- WHAT YOU HAVE TO DO
Reproduce exactly, and only, the lines below from the one containing "using AB unfolding" through the one containing "using set_take_Suc_diff[OF d(1)".

___ ENTRIES PROVIDED

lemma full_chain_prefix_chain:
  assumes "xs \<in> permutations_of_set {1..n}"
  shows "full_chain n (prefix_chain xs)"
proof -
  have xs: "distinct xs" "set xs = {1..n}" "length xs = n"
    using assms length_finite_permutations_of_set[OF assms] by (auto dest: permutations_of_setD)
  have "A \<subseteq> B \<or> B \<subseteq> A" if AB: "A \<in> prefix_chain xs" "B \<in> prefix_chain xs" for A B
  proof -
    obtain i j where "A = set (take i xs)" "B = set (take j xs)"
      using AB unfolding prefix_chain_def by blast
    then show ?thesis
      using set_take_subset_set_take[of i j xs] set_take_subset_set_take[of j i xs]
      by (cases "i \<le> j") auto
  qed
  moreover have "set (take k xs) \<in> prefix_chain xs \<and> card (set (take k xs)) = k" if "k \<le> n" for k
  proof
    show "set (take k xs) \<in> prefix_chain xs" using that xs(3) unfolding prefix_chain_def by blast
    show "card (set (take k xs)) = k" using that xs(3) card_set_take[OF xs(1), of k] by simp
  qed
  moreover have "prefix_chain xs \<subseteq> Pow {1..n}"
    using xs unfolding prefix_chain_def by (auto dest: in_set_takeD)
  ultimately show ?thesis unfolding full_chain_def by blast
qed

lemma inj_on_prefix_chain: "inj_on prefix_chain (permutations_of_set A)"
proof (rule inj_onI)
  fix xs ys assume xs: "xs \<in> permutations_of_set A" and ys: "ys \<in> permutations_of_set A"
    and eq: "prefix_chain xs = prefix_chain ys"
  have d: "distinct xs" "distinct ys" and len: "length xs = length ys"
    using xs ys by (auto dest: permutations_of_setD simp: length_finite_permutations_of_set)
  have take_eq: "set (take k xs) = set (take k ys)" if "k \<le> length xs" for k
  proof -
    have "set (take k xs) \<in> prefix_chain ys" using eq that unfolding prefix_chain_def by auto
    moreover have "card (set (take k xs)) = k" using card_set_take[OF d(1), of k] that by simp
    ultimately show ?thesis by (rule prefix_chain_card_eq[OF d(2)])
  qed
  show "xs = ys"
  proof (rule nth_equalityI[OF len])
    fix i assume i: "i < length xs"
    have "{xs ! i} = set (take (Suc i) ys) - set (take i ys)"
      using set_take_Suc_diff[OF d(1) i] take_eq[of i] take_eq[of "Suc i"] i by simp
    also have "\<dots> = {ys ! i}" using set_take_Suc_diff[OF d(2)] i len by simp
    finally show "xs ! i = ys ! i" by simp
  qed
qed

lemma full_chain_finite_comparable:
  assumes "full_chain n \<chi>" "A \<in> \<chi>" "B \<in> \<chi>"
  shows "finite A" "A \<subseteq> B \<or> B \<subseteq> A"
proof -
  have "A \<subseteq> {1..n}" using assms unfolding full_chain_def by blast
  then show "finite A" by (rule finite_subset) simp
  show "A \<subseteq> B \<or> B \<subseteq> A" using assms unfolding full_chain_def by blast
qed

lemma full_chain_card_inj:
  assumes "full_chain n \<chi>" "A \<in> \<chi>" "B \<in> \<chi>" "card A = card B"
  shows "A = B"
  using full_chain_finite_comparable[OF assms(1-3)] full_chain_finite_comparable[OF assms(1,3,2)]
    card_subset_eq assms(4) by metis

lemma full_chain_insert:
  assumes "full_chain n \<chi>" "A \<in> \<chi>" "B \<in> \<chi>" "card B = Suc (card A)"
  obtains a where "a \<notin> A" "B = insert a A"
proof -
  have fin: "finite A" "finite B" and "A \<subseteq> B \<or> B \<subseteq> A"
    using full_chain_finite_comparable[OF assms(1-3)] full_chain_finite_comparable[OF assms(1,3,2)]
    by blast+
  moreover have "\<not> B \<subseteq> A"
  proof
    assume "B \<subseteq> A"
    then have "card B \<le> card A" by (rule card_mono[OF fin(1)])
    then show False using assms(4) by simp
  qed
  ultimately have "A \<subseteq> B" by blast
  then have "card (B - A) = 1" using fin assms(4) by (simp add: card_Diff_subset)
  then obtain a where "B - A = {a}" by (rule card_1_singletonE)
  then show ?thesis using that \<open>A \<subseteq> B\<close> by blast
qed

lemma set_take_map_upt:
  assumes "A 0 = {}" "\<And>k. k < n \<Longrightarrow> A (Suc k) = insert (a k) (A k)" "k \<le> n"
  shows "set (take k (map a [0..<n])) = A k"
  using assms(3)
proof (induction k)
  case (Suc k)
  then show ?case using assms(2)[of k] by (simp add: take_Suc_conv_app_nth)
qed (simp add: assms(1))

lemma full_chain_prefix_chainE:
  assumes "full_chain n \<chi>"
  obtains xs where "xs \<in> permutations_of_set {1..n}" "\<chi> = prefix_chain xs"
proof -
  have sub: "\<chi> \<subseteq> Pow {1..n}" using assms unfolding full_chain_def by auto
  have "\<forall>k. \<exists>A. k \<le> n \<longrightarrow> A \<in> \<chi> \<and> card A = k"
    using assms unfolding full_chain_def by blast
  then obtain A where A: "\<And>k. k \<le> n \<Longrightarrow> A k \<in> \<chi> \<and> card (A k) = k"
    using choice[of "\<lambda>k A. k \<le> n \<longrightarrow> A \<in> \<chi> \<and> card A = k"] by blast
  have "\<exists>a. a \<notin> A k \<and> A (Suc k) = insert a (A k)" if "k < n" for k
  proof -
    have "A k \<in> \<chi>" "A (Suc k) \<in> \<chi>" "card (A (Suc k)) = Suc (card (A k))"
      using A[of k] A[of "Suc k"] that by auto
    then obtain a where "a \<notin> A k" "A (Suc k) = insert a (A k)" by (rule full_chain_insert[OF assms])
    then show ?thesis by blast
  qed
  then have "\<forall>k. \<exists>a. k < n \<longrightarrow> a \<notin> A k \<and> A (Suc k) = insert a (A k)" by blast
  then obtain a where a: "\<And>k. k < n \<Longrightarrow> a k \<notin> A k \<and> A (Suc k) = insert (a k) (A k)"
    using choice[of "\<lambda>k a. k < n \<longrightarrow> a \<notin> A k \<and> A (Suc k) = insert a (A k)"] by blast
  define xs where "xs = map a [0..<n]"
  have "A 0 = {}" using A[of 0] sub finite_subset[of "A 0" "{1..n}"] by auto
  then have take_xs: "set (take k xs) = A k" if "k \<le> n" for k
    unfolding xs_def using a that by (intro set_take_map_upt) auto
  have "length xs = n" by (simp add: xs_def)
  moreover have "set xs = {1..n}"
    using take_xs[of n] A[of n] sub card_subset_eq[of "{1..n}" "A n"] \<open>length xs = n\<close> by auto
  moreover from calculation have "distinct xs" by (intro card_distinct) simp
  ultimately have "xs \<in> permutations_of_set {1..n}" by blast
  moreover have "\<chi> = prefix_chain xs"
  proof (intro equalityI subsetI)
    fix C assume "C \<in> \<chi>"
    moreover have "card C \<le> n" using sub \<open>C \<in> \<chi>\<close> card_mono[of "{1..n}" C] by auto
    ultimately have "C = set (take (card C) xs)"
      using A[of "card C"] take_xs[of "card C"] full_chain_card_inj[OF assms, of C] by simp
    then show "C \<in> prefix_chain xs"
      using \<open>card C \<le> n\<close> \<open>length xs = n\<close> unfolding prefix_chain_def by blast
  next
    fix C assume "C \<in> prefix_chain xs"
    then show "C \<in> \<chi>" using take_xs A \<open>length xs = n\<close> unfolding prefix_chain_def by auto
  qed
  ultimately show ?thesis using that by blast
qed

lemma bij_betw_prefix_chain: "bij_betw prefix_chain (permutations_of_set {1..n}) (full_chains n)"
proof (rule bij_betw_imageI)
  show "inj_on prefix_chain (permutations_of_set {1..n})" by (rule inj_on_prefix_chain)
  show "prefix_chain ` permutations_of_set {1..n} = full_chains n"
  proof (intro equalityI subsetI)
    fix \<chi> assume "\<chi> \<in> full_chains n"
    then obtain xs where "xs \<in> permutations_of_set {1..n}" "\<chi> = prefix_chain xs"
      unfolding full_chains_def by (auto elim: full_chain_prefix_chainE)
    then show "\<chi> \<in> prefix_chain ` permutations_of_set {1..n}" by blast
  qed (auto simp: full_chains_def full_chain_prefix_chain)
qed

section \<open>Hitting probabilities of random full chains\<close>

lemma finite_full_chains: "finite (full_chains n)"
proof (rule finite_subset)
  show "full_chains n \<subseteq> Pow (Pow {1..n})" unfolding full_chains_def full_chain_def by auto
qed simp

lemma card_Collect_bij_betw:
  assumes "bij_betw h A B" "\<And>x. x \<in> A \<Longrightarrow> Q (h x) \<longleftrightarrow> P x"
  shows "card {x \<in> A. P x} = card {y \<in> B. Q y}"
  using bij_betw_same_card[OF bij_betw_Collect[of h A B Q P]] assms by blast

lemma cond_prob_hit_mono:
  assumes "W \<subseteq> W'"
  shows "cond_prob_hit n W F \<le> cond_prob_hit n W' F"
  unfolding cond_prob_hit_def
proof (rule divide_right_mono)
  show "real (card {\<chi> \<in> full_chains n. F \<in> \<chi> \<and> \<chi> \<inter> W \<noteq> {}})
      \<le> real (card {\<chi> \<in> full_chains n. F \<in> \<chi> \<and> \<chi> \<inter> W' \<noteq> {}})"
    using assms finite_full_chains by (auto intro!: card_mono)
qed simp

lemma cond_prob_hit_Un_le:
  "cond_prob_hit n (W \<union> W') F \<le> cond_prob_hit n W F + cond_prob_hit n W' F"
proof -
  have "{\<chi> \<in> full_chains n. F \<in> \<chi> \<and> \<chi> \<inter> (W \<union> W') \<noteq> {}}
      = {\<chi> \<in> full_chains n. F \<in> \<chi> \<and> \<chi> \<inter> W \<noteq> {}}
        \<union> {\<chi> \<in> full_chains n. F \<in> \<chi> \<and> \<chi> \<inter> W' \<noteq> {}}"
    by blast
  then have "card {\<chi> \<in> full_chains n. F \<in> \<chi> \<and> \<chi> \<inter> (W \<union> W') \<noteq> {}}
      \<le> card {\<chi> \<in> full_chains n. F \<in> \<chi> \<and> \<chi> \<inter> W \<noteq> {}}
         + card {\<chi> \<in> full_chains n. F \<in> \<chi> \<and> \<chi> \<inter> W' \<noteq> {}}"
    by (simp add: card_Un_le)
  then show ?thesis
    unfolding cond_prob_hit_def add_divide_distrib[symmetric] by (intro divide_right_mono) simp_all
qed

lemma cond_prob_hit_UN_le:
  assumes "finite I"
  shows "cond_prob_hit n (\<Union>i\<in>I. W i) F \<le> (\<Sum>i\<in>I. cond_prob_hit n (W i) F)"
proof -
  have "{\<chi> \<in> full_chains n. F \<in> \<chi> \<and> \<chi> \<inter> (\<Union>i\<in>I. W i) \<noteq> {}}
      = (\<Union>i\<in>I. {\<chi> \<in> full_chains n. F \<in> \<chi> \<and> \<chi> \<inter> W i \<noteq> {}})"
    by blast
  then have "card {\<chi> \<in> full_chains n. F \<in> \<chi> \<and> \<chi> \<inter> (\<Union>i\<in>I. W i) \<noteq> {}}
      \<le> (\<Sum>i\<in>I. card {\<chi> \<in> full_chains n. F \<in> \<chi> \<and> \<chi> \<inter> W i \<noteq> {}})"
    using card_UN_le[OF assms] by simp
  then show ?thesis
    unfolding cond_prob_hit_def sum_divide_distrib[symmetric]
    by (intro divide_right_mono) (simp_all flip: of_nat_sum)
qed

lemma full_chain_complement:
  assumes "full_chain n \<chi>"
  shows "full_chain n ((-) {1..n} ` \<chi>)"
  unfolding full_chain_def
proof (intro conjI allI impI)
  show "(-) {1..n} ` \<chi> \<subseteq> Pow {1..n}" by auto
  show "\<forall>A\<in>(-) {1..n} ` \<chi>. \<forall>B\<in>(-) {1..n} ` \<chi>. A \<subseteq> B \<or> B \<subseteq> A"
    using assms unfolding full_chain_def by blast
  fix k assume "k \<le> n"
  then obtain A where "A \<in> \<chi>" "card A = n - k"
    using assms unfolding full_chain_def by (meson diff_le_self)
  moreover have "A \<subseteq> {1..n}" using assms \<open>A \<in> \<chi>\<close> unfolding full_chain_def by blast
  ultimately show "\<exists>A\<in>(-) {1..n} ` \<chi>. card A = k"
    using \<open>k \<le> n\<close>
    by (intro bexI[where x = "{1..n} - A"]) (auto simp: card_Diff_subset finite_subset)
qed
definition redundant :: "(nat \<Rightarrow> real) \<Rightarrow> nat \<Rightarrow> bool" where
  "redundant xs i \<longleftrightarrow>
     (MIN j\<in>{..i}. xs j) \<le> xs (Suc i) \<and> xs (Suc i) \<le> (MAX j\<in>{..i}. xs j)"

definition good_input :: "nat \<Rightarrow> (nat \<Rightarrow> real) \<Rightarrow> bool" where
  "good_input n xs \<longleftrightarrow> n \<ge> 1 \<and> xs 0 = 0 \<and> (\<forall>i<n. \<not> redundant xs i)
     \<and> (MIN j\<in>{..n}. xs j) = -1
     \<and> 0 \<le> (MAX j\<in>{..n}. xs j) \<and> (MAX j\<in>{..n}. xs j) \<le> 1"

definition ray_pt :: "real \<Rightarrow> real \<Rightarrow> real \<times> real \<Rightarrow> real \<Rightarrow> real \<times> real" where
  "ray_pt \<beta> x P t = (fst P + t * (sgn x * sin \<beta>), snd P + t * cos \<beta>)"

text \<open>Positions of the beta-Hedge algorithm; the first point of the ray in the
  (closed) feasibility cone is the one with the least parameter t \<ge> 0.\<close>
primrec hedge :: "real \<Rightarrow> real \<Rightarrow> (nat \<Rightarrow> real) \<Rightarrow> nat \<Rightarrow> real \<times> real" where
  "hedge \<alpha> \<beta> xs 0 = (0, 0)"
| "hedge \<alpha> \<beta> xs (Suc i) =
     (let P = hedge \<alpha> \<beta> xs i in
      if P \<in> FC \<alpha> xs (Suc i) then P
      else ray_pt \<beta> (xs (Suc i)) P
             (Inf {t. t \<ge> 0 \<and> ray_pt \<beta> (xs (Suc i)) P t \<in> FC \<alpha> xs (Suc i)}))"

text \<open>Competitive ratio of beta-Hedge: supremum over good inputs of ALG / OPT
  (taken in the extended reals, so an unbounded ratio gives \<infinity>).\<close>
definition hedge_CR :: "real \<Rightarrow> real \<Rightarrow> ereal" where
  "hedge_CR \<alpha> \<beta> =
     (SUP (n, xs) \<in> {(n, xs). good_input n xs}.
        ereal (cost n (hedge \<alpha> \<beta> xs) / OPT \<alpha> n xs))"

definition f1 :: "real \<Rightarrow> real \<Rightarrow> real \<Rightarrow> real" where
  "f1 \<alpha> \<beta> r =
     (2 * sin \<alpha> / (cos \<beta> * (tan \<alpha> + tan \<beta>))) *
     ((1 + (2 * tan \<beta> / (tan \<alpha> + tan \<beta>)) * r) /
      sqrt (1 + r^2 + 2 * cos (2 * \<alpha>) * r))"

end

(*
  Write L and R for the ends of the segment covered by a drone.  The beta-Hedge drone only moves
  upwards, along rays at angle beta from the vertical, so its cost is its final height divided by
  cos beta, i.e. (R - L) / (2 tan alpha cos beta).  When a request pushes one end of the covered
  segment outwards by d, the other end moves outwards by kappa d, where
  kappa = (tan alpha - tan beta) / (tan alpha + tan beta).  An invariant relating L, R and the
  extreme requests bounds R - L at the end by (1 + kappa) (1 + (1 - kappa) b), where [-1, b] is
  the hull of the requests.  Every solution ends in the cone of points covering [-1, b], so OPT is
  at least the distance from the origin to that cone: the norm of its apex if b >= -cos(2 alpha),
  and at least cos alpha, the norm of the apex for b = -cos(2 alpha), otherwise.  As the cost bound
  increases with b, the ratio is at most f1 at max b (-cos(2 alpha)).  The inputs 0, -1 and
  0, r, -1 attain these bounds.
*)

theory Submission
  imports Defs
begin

______

- WRITTEN REPLY
      using AB unfolding prefix_chain_def by blast
    then show ?thesis
      using set_take_subset_set_take[of i j xs] set_take_subset_set_take[of j i xs]
      by (cases "i \<le> j") auto
  qed
  moreover have "set (take k xs) \<in> prefix_chain xs \<and> card (set (take k xs)) = k" if "k \<le> n" for k
  proof
    show "set (take k xs) \<in> prefix_chain xs" using that xs(3) unfolding prefix_chain_def by blast
    show "card (set (take k xs)) = k" using that xs(3) card_set_take[OF xs(1), of k] by simp
  qed
  moreover have "prefix_chain xs \<subseteq> Pow {1..n}"
    using xs unfolding prefix_chain_def by (auto dest: in_set_takeD)
  ultimately show ?thesis unfolding full_chain_def by blast
qed

lemma inj_on_prefix_chain: "inj_on prefix_chain (permutations_of_set A)"
proof (rule inj_onI)
  fix xs ys assume xs: "xs \<in> permutations_of_set A" and ys: "ys \<in> permutations_of_set A"
    and eq: "prefix_chain xs = prefix_chain ys"
  have d: "distinct xs" "distinct ys" and len: "length xs = length ys"
    using xs ys by (auto dest: permutations_of_setD simp: length_finite_permutations_of_set)
  have take_eq: "set (take k xs) = set (take k ys)" if "k \<le> length xs" for k
  proof -
    have "set (take k xs) \<in> prefix_chain ys" using eq that unfolding prefix_chain_def by auto
    moreover have "card (set (take k xs)) = k" using card_set_take[OF d(1), of k] that by simp
    ultimately show ?thesis by (rule prefix_chain_card_eq[OF d(2)])
  qed
  show "xs = ys"
  proof (rule nth_equalityI[OF len])
    fix i assume i: "i < length xs"
    have "{xs ! i} = set (take (Suc i) ys) - set (take i ys)"
      using set_take_Suc_diff[OF d(1) i] take_eq[of i] take_eq[of "Suc i"] i by simp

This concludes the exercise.